Although the relationship between HA and NA is rapid and intense, its mapping is not based on simple sequence similarity. In other words, some HA clusters with similar sequences may match NA clusters with large sequence differences. For example, as shown in Figure 3, some HA clusters close to “Avian” (cluster-0) may prefer NA clusters far away from “Avian”. In addition, it is noteworthy that a small amount of HA and NA will break through the cluster limitation for cross-combinations, especially those located in different branches or belonging to different host species. This phenomenon may be related to viral rearrangement or recombination.

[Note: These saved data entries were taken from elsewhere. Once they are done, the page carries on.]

theorem lemma8p1:
  fixes M :: "'w measure"
    and \<omega> :: "(int ^ 'd) set \<Rightarrow> 'w \<Rightarrow> real"
    and \<alpha> \<theta> c\<^sub>1 c\<^sub>2 :: real
  assumes "prob_space M"
    and "prob_space.indep_vars M (\<lambda>_. borel) \<omega> LR_edges"
    and "\<And>e. e \<in> LR_edges \<Longrightarrow>
           distributed M lborel (\<omega> e) (\<lambda>t. ennreal (exponential_density 1 t))"
    and "\<alpha> > 2 * real CARD('d) + 1"
    and "0 < \<theta>" and "\<theta> < 1"
    and "0 < c\<^sub>1" and "0 < c\<^sub>2"
  shows "\<exists>C>0. \<forall>n::nat. 1 \<le> n \<longrightarrow>
           measure M {x \<in> space M. \<forall>z \<in> Box 0 (c\<^sub>2 * real n).
               \<forall>w. w \<notin> Box z (real n powr \<theta>) \<longrightarrow> c\<^sub>1 * real n \<le> LR_W \<alpha> \<omega> z w x}
           \<ge> 1 - C * real n powr (real CARD('d) + 1 - \<theta> * (\<alpha> - real CARD('d)))"
proof -
  interpret exponential_edge_weights M \<omega>
    using assms(1,3) by (simp add: exponential_edge_weights_def exponential_edge_weights_axioms_def)
  define s where "s = \<alpha> - real CARD('d)"
  define K where "K = 2 * real CARD('d) * 3 ^ (CARD('d) - 1) * 2 powr s / s"
  have \<alpha>: "real CARD('d) < \<alpha>" and K: "0 < K"
    using assms(4) by (simp_all add: K_def s_def)
  show ?thesis
  proof (intro exI[of _ "(2 * c\<^sub>2 + 1) ^ CARD('d) * (c\<^sub>1 * K)"] conjI allI impI)
    show "0 < (2 * c\<^sub>2 + 1) ^ CARD('d) * (c\<^sub>1 * K)"
      using assms(7,8) K by simp
    fix n :: nat
    assume n: "1 \<le> n"
    define bad where "bad = (\<Union>z \<in> Box 0 (c\<^sub>2 * real n). \<Union>w \<in> - Box z (real n powr \<theta>).
      light_edge \<alpha> (c\<^sub>1 * real n) z w)"
    have R: "1 \<le> real n powr \<theta>"
      using n assms(5) by (simp add: ge_one_powr_ge_zero)
    have bad: "bad \<in> events"
      "prob bad \<le> (2 * (c\<^sub>2 * real n) + 1) ^ CARD('d) * (c\<^sub>1 * real n * K * (real n powr \<theta>) powr (- s))"
      using prob_light_edges_from_Box_le[of "c\<^sub>2 * real n" "c\<^sub>1 * real n", OF _ _ R \<alpha>] assms(7,8)
      unfolding bad_def K_def s_def by auto
    note bad(2)
    also have "(2 * (c\<^sub>2 * real n) + 1) ^ CARD('d) * (c\<^sub>1 * real n * K * (real n powr \<theta>) powr (- s))
        \<le> (2 * c\<^sub>2 + 1) ^ CARD('d) * (c\<^sub>1 * K) * real n powr (real CARD('d) + 1 - \<theta> * s)"
      using n assms(7,8) K by (intro box_volume_times_tail_le) auto
    moreover have "{x \<in> space M. \<forall>z \<in> Box 0 (c\<^sub>2 * real n). \<forall>w. w \<notin> Box z (real n powr \<theta>) \<longrightarrow>
        c\<^sub>1 * real n \<le> LR_W \<alpha> \<omega> z w x} = space M - bad"
      by (auto simp: bad_def light_edge_def not_less) (metis not_less)
    ultimately show "1 - (2 * c\<^sub>2 + 1) ^ CARD('d) * (c\<^sub>1 * K) * real n powr (real CARD('d) + 1 - \<theta> * (\<alpha> - real CARD('d)))
        \<le> prob {x \<in> space M. \<forall>z \<in> Box 0 (c\<^sub>2 * real n).
             \<forall>w. w \<notin> Box z (real n powr \<theta>) \<longrightarrow> c\<^sub>1 * real n \<le> LR_W \<alpha> \<omega> z w x}"
      using prob_compl[OF bad(1)] by (simp add: s_def)
  qed
qed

3.3. Translation Performance of S2STM

The S2STM was trained and tested from HA to NA (“HA-to-NA”) or NA to HA (“NA-to-HA”) (Figures S2–S5). Taking A/Wyoming/07/2013(H1N1) as an example (Figures S6 and S7), we respectively translated its HA and NA sequence using S2STM, and achieved good results. The attention maps in Figures S6b and S7b give the attention weights in the translation process, which visualize the internal working of the model. In general, as listed in Table 2, all of the training results achieved testing accuracies larger than 0.99, suggesting that the S2STM has good robustness; it can successfully learn and establish the mapping relationship between HA and NA sequences. The model also provided good accuracy when we trained and tested it using the strains before and after 2019, showing the ability to translate future HA–NA pairs. Higher accuracy could be obtained when we only used the dataset composed of “Human” strains after 2009. These performances prove the possibility of mastering the balance laws between the HA and NA with the help of machine learning.

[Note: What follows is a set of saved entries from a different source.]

lemma has_derivative_hex_opp:
  fixes fa fb fc :: "'a::real_normed_vector \<Rightarrow> real"
  assumes fa: "(fa has_derivative fa') (at w)" and fb: "(fb has_derivative fb') (at w)"
    and fc: "(fc has_derivative fc') (at w)"
    and pos: "0 < fa w" "0 < fb w" "0 < fc w"
  defines "a \<equiv> fa w" and "b \<equiv> fb w" and "c \<equiv> fc w"
  shows "((\<lambda>x. hex_opp (fa x) (fb x) (fc x)) has_derivative
           (\<lambda>h. (sinh a * fa' h - (cosh c + cosh a * cosh b) / sinh b * fb' h
                  - (cosh b + cosh a * cosh c) / sinh c * fc' h)
                / sqrt (hex_disc (cosh a) (cosh b) (cosh c)))) (at w)"
proof -
  define q where "q = (cosh a + cosh b * cosh c) / (sinh b * sinh c)"
  have abc: "0 < a" "0 < b" "0 < c" using pos by (simp_all add: a_def b_def c_def)
  have q: "1 < q" using hex_opp_arg_gt_1[OF abc] by (simp add: q_def)
  have arg: "((\<lambda>x. (cosh (fa x) + cosh (fb x) * cosh (fc x)) / (sinh (fb x) * sinh (fc x)))
      has_derivative (\<lambda>h. (sinh a * fa' h - (cosh c + cosh a * cosh b) / sinh b * fb' h
                  - (cosh b + cosh a * cosh c) / sinh c * fc' h) / (sinh b * sinh c))) (at w)"
    apply (rule has_derivative_eq_rhs)
     apply (use abc in \<open>auto intro!: derivative_eq_intros fa fb fc simp: a_def b_def c_def\<close>)[1]
    using abc apply (simp add: fun_eq_iff field_simps a_def[symmetric] b_def[symmetric] c_def[symmetric])
    using cosh_square_eq[of b] cosh_square_eq[of c] by (intro allI) algebra
  have "sqrt (q\<^sup>2 - 1) = sqrt (hex_disc (cosh a) (cosh b) (cosh c)) / (sinh b * sinh c)"
    using abc by (simp add: q_def hex_opp_arg_sq_minus_1 real_sqrt_divide)
  moreover have "0 < sinh b * sinh c" using abc by simp
  moreover have "(arcosh has_real_derivative 1 / sqrt (q\<^sup>2 - 1))
      (at ((cosh (fa w) + cosh (fb w) * cosh (fc w)) / (sinh (fb w) * sinh (fc w))))"
    using arcosh_real_has_field_derivative[OF q] by (simp add: q_def a_def b_def c_def)
  note DERIV_compose_FDERIV[OF this arg]
  ultimately show ?thesis
    using pos by (simp add: hex_opp_def q_def a_def b_def c_def)
qed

To analyze the translation accuracies of S2STM in detail, we chose the virus strains whose HA and NA never appeared in the training set for testing. The trained S2STM (e.g., “R4” in Table 2) was used for sequence translation, with 718 A/H1N1 and 663 A/H3N2 strains being selected. The similarity between the translated and target sequence was computed according to whether the amino acid at each site was the same. We counted the proportion of sequences with translation accuracies larger than 0.95 (Figure 5), which was 80% for “HA-to-NA” and 84% for “NA-to-HA” in A/H1N1, and 70% and 78% in A/H3N2, respectively. Among them, the translation accuracies for HA–NA pairs in cluster-8–13 were generally greater than 0.95.

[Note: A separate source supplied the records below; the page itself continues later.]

lemma value_mkt: "\<theta> \<in> {0..1} \<Longrightarrow> \<theta> \<le> th \<Longrightarrow> sig \<theta> < 1 \<Longrightarrow> V \<theta> = sale I S p1 + sale I S qn"
  using plan_optimal[of \<theta> "(Mkt, True)"] by (simp add: strat_def plan_pay_def)

lemma value_gov_only: "\<theta> \<in> {0..1} \<Longrightarrow> th < \<theta> \<Longrightarrow> \<theta> \<le> thg \<Longrightarrow> V \<theta> = sale I S pg + \<theta>"
  using plan_optimal[of \<theta> "(Gov, False)"] by (simp add: strat_def plan_pay_def)

lemma value_no_sale: "\<theta> \<in> {0..1} \<Longrightarrow> thg < \<theta> \<Longrightarrow> V \<theta> = \<theta> + \<theta>"
  using plan_optimal[of \<theta> "(NoSale, False)"] cutoffs by (simp add: strat_def plan_pay_def)

definition mass_gov :: real where "mass_gov = integral {0..th} (\<lambda>\<theta>. sig \<theta> * f \<theta>)"
definition mass_mkt :: real where "mass_mkt = integral {0..th} (\<lambda>\<theta>. (1 - sig \<theta>) * f \<theta>)"
definition total_gov :: real where "total_gov = integral {0..th} (\<lambda>\<theta>. \<theta> * sig \<theta> * f \<theta>)"
definition total_mkt :: real where "total_mkt = integral {0..th} (\<lambda>\<theta>. \<theta> * (1 - sig \<theta>) * f \<theta>)"

lemma weights_measurable:
  "(\<lambda>\<theta>. 1 - sig \<theta>) \<in> borel_measurable borel" "recipient \<in> borel_measurable borel"
  using sig_measurable unfolding recipient_def by measurable

lemma weights_bounded:
  "\<theta> \<in> {0..th} \<Longrightarrow> \<bar>sig \<theta>\<bar> \<le> 1" "\<theta> \<in> {0..th} \<Longrightarrow> \<bar>1 - sig \<theta>\<bar> \<le> 1"
  "\<theta> \<in> {0..1} \<Longrightarrow> 0 \<le> recipient \<theta> \<and> recipient \<theta> \<le> 1"
  using sig_bounds by (auto simp: recipient_def)

lemma rec_seller_has_integral:
  "((\<lambda>\<theta>. rec_seller \<theta> * f \<theta> * (\<theta> - q)) has_integral total_gov - q * mass_gov) {0..1}"
  using truncated_profit_has_integral[OF f_int f_nn _ _ sig_measurable, of th] cutoffs weights_bounded(1)
  by (auto simp: rec_seller_def total_gov_def mass_gov_def)

lemma mkt_seller_has_integral:
  "((\<lambda>\<theta>. mkt_seller \<theta> * f \<theta> * (\<theta> - q)) has_integral total_mkt - q * mass_mkt) {0..1}"
  using truncated_profit_has_integral[OF f_int f_nn _ _ weights_measurable(1), of th] cutoffs
    weights_bounded(2)
  by (auto simp: mkt_seller_def total_mkt_def mass_mkt_def)

lemma profit_rec_seller: "profit f rec_seller q = total_gov - q * mass_gov"
  unfolding profit_def using rec_seller_has_integral by (rule integral_unique)

lemma profit_mkt_seller: "profit f mkt_seller q = total_mkt - q * mass_mkt"
  unfolding profit_def using mkt_seller_has_integral by (rule integral_unique)

lemma f_bounded_below: obtains m where "0 < m" "\<forall>x\<in>{0..1}. m \<le> f x"
proof -
  obtain m K where "0 < m" "\<forall>x\<in>{0..1}. m \<le> f x \<and> f x \<le> K"
    by (rule strictly_log_concave_on_bounds[OF f_pos f_lc])
  then show ?thesis using that[of m] by simp
qed

lemma f_bounded_above: obtains K where "\<forall>x\<in>{0..1}. f x \<le> K"
proof -
  obtain m K where "0 < m" "\<forall>x\<in>{0..1}. m \<le> f x \<and> f x \<le> K"
    by (rule strictly_log_concave_on_bounds[OF f_pos f_lc])
  then show ?thesis using that[of K] by simp
qed

lemma low_types_integrable:
  "(\<lambda>\<theta>. sig \<theta> * f \<theta>) integrable_on {0..th}" "(\<lambda>\<theta>. (1 - sig \<theta>) * f \<theta>) integrable_on {0..th}"
  "(\<lambda>\<theta>. \<theta> * sig \<theta> * f \<theta>) integrable_on {0..th}"
  "(\<lambda>\<theta>. \<theta> * (1 - sig \<theta>) * f \<theta>) integrable_on {0..th}"
proof -
  have sub: "{0..th} \<subseteq> {0..1}" using cutoffs by auto
  note int = bounded_measurable_mult_integrable[OF f_int f_nn sub, where B = 1]
  have "\<forall>\<theta>\<in>{0..th}. \<bar>\<theta> * sig \<theta>\<bar> \<le> 1" "\<forall>\<theta>\<in>{0..th}. \<bar>\<theta> * (1 - sig \<theta>)\<bar> \<le> 1"
    using sig_bounds cutoffs by (auto simp: abs_mult intro!: mult_le_one)
  moreover have "(\<lambda>\<theta>. \<theta> * sig \<theta>) \<in> borel_measurable borel"
    "(\<lambda>\<theta>. \<theta> * (1 - sig \<theta>)) \<in> borel_measurable borel"
    using sig_measurable by measurable
  ultimately show "(\<lambda>\<theta>. \<theta> * sig \<theta> * f \<theta>) integrable_on {0..th}"
    "(\<lambda>\<theta>. \<theta> * (1 - sig \<theta>) * f \<theta>) integrable_on {0..th}"
    using int[of "\<lambda>\<theta>. \<theta> * sig \<theta>"] int[of "\<lambda>\<theta>. \<theta> * (1 - sig \<theta>)"] by simp_all
  show "(\<lambda>\<theta>. sig \<theta> * f \<theta>) integrable_on {0..th}"
    "(\<lambda>\<theta>. (1 - sig \<theta>) * f \<theta>) integrable_on {0..th}"
    using int[OF sig_measurable] int[OF weights_measurable(1)] weights_bounded(1,2) by blast+
qed

lemma low_types_nonneg: "0 \<le> mass_gov" "0 \<le> mass_mkt" "0 \<le> total_gov" "0 \<le> total_mkt"
  unfolding mass_gov_def mass_mkt_def total_gov_def total_mkt_def
  using sig_bounds f_nn cutoffs
  by (intro integral_nonneg low_types_integrable; force)+

lemma mass_low_types_pos: "0 < mass_gov + mass_mkt"
proof -
  obtain m where m: "0 < m" "\<forall>x\<in>{0..1}. m \<le> f x" by (rule f_bounded_below)
  have "mass_gov + mass_mkt = integral {0..th} f"
    unfolding mass_gov_def mass_mkt_def integral_add[OF low_types_integrable(1,2), symmetric]
    by (simp add: algebra_simps)
  also have "integral {0..th} (\<lambda>\<theta>. m) \<le> \<dots>"
    using integrable_on_subinterval[OF f_int] m cutoffs by (intro integral_le) auto
  moreover have "0 < th * m" using m cutoffs by simp
  ultimately show ?thesis using cutoffs by (simp add: mult.commute)
qed

lemma cexp_th: "cexp f 0 th = (total_gov + total_mkt) / (mass_gov + mass_mkt)"
  unfolding cexp_def mass_gov_def mass_mkt_def total_gov_def total_mkt_def
    integral_add[OF low_types_integrable(1,2), symmetric]
    integral_add[OF low_types_integrable(3,4), symmetric]
  by (simp add: algebra_simps)

lemma total_gov_lt:
  assumes "0 < mass_gov" shows "total_gov < th * mass_gov"
proof -
  obtain K where K: "\<forall>x\<in>{0..1}. f x \<le> K" by (rule f_bounded_above)
  show ?thesis using assms unfolding mass_gov_def total_gov_def
    by (rule integral_mult_id_lt_right_endpoint[OF f_int f_nn K cutoffs(1) th_le_1 sig_measurable
          sig_bounds])
qed

lemma total_mkt_lt:
  assumes "0 < mass_mkt" shows "total_mkt < th * mass_mkt"
proof -
  obtain K where K: "\<forall>x\<in>{0..1}. f x \<le> K" by (rule f_bounded_above)
  have W01: "\<forall>x\<in>{0..th}. 0 \<le> 1 - sig x \<and> 1 - sig x \<le> 1" using sig_bounds by auto
  show ?thesis using assms unfolding mass_mkt_def total_mkt_def
    by (rule integral_mult_id_lt_right_endpoint[OF f_int f_nn K cutoffs(1) th_le_1
          weights_measurable(1) W01])
qed

lemma gov_seller_exists:
  assumes "0 < mass_gov" obtains \<theta> where "\<theta> \<in> {0..th}" "0 < sig \<theta>"
proof (rule ccontr)
  assume "\<not> thesis"
  then have "\<forall>\<theta>\<in>{0..th}. sig \<theta> = 0" using that sig_bounds by force
  then have "mass_gov = integral {0..th} (\<lambda>\<theta>. 0)" unfolding mass_gov_def by (intro integral_cong) auto
  with assms show False by simp
qed

lemma mkt_seller_exists:
  assumes "0 < mass_mkt" obtains \<theta> where "\<theta> \<in> {0..th}" "sig \<theta> < 1"
proof (rule ccontr)
  assume "\<not> thesis"
  then have "\<forall>\<theta>\<in>{0..th}. 1 - sig \<theta> = 0" using that sig_bounds by force
  then have "mass_mkt = integral {0..th} (\<lambda>\<theta>. 0)" unfolding mass_mkt_def by (intro integral_cong) auto
  with assms show False by simp
qed

text \<open>Low types are indifferent between the government and the market path at t = 1, so
  once some low type takes one path, every low type earns exactly that path's payoff.\<close>

lemma value_low_types_gov:
  assumes "0 < mass_gov" "\<theta> \<in> {0..th}"
  shows "V \<theta> = sale I S pg + sale I S qg"
proof -
  obtain \<theta>1 where \<theta>1: "\<theta>1 \<in> {0..th}" "0 < sig \<theta>1" using gov_seller_exists[OF assms(1)] .
  have "V \<theta>1 = sale I S pg + sale I S qg" using value_gov \<theta>1 th_le_1 by auto
  then have "sale I S p1 + sale I S qn \<le> sale I S pg + sale I S qg" using value_ge(2)[of \<theta>1] by simp
  moreover have "sale I S pg + sale I S qg \<le> V \<theta>" using value_ge(1)[of \<theta>] by simp
  moreover have "V \<theta> = sale I S pg + sale I S qg \<or> V \<theta> = sale I S p1 + sale I S qn"
    using value_gov[of \<theta>] value_mkt[of \<theta>] assms(2) th_le_1 by (cases "0 < sig \<theta>") auto
  ultimately show ?thesis by linarith
qed

lemma value_low_types_mkt:
  assumes "0 < mass_mkt" "\<theta> \<in> {0..th}"
  shows "V \<theta> = sale I S p1 + sale I S qn"
proof -
  obtain \<theta>1 where \<theta>1: "\<theta>1 \<in> {0..th}" "sig \<theta>1 < 1" using mkt_seller_exists[OF assms(1)] .
  have "V \<theta>1 = sale I S p1 + sale I S qn" using value_mkt \<theta>1 th_le_1 by auto
  then have "sale I S pg + sale I S qg \<le> sale I S p1 + sale I S qn" using value_ge(1)[of \<theta>1] by simp
  moreover have "sale I S p1 + sale I S qn \<le> V \<theta>" using value_ge(2)[of \<theta>] by simp
  moreover have "V \<theta> = sale I S pg + sale I S qg \<or> V \<theta> = sale I S p1 + sale I S qn"
    using value_gov[of \<theta>] value_mkt[of \<theta>] assms(2) th_le_1 by (cases "0 < sig \<theta>") auto
  ultimately show ?thesis by linarith
qed

lemma rec_sale_ge_th: "0 < mass_gov \<Longrightarrow> th \<le> sale I S qg"
  using value_low_types_gov[of th] value_ge(1)[of th] cutoffs by simp

lemma non_sale_ge_th: "0 < mass_mkt \<Longrightarrow> th \<le> sale I S qn"
  using value_low_types_mkt[of th] value_ge(2)[of th] cutoffs by simp

lemma qg_lt_th:
  assumes "0 < mass_gov" shows "qg < th"
proof -
  have "qg * mass_gov < th * mass_gov"
    using rec_break_even total_gov_lt[OF assms] unfolding profit_rec_seller by simp
  then show ?thesis using assms by simp
qed

lemma qn_lt_th:
  assumes "0 < mass_mkt" shows "qn < th"
proof -
  have "qn * mass_mkt < th * mass_mkt"
    using non_break_even total_mkt_lt[OF assms] unfolding profit_mkt_seller by simp
  then show ?thesis using assms by simp
qed

lemma total_gov_ge: "(th - S) * mass_gov \<le> total_gov"
proof (cases "0 < mass_gov")
  case True
  then have "th - S \<le> qg" using sale_geD(2)[OF qg_lt_th rec_sale_ge_th] by simp
  then have "(th - S) * mass_gov \<le> qg * mass_gov" using True by simp
  also have "\<dots> \<le> total_gov" using rec_break_even unfolding profit_rec_seller by simp
  finally show ?thesis .
qed (use low_types_nonneg in auto)

lemma total_mkt_ge: "(th - S) * mass_mkt \<le> total_mkt"
proof (cases "0 < mass_mkt")
  case True
  then have "th - S \<le> qn" using sale_geD(2)[OF qn_lt_th non_sale_ge_th] by simp
  then have "(th - S) * mass_mkt \<le> qn * mass_mkt" using True by simp
  also have "\<dots> \<le> total_mkt" using non_break_even unfolding profit_mkt_seller by simp
  finally show ?thesis .
qed (use low_types_nonneg in auto)

lemma cexp_th_ge: "th - S \<le> cexp f 0 th"
  using total_gov_ge total_mkt_ge mass_low_types_pos unfolding cexp_th
  by (simp add: field_simps)

lemma cexp_lt_above_theta0: "\<theta>0 < x \<Longrightarrow> x \<le> 1 \<Longrightarrow> cexp f 0 x < x - S"
  using cexp_lower_increment_lt[OF f_int f_pos f_lc theta0(1)] theta0(2) by force

lemma below_theta0: "0 < x \<Longrightarrow> x \<le> 1 \<Longrightarrow> x - S < cexp f 0 x \<Longrightarrow> x < \<theta>0"
  using cexp_lower_increment_lt[OF f_int f_pos f_lc, of x \<theta>0] cexp_lt_above_theta0[of x] theta0 pg_lt
  by (cases x \<theta>0 rule: linorder_cases) auto

lemma th_lt_thg: "th < thg"
proof (rule ccontr)
  assume "\<not> th < thg"
  then have thg: "thg = th" using cutoffs by simp
  have "pg + S \<le> th"
  proof (rule ccontr)
    assume "\<not> pg + S \<le> th"
    define \<theta> where "\<theta> = (th + (pg + S)) / 2"
    have "\<theta> \<in> {0..1}" "thg < \<theta>" "\<theta> < pg + S" using \<open>\<not> pg + S \<le> th\<close> cutoffs pg_lt thg
      by (auto simp: \<theta>_def)
    then show False using value_no_sale[of \<theta>] value_ge(1)[of \<theta>] sale_pg by auto
  qed
  then have "cexp f 0 th < th - S" using cexp_lt_above_theta0 theta0(3) th_le_1 by simp
  then show False using cexp_th_ge by simp
qed

lemma thg_lt_1: "thg < 1"
proof (rule ccontr)
  assume "\<not> thg < 1"
  then have "thg = 1" using cutoffs by simp
  then have "pg + S + 1 = V 1" using value_gov_only[of 1] th_lt_thg sale_pg by simp
  then show False using value_ge(2)[of 1] pg_lt by simp
qed

lemma thg_eq: "thg = pg + S"
proof -
  have "pg + S + thg = V thg" using value_gov_only[of thg] th_lt_thg cutoffs sale_pg by simp
  then have "thg \<le> pg + S" using value_ge(2)[of thg] by simp
  moreover have "\<not> thg < pg + S"
  proof
    assume "thg < pg + S"
    define \<theta> where "\<theta> = (thg + (pg + S)) / 2"
    have "\<theta> \<in> {0..1}" "thg < \<theta>" "\<theta> < pg + S" using \<open>thg < pg + S\<close> cutoffs pg_lt
      by (auto simp: \<theta>_def)
    then show False using value_no_sale[of \<theta>] value_ge(1)[of \<theta>] sale_pg by auto
  qed
  ultimately show ?thesis by simp
qed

To estimate the overall translation accuracies of the locally trained model, we trained the S2STM using strains in cluster-8–l2 located in branch-iv (“H*” in Table 2), and randomly selected up to 100 strains from other clusters for translation. According to Table 3, this locally trained model acquired different accuracies on different clusters. Interestingly, the closer the cluster to branch-iv (Figure 3), the higher the accuracy will be. For example, cluster-1 of A/H1N1-NA has accuracy greater than 0.90, whereas that of A/H1N1-HA is only 0.78, where the latter is far away from branch-iv. Cluster-13 is directly located downstream of the training data, and accuracies greater than 0.95 are obtained under the four types of training. In general, the translation ability of the local training model can be compared with the hierarchical clustering analysis results. In summary, the locally trained model is only applicable to target sequences with little difference from the training data.

4. Discussion

The balance between HA and NA is important for the infection and transmission of the IAVs [32,33,34]. It does not only exist between different subtypes of HA and NA, but also in the evolution of specific virus subtypes (e.g., A/H1N1 and A/H3N2). Mastering the internal relationship between HA and NA will facilitate research on virus evolution and vaccine or inhibitor design. Although a phylogenetic tree is a good method to study the evolution of protein or gene families, dealing with thousands of sequences will be difficult.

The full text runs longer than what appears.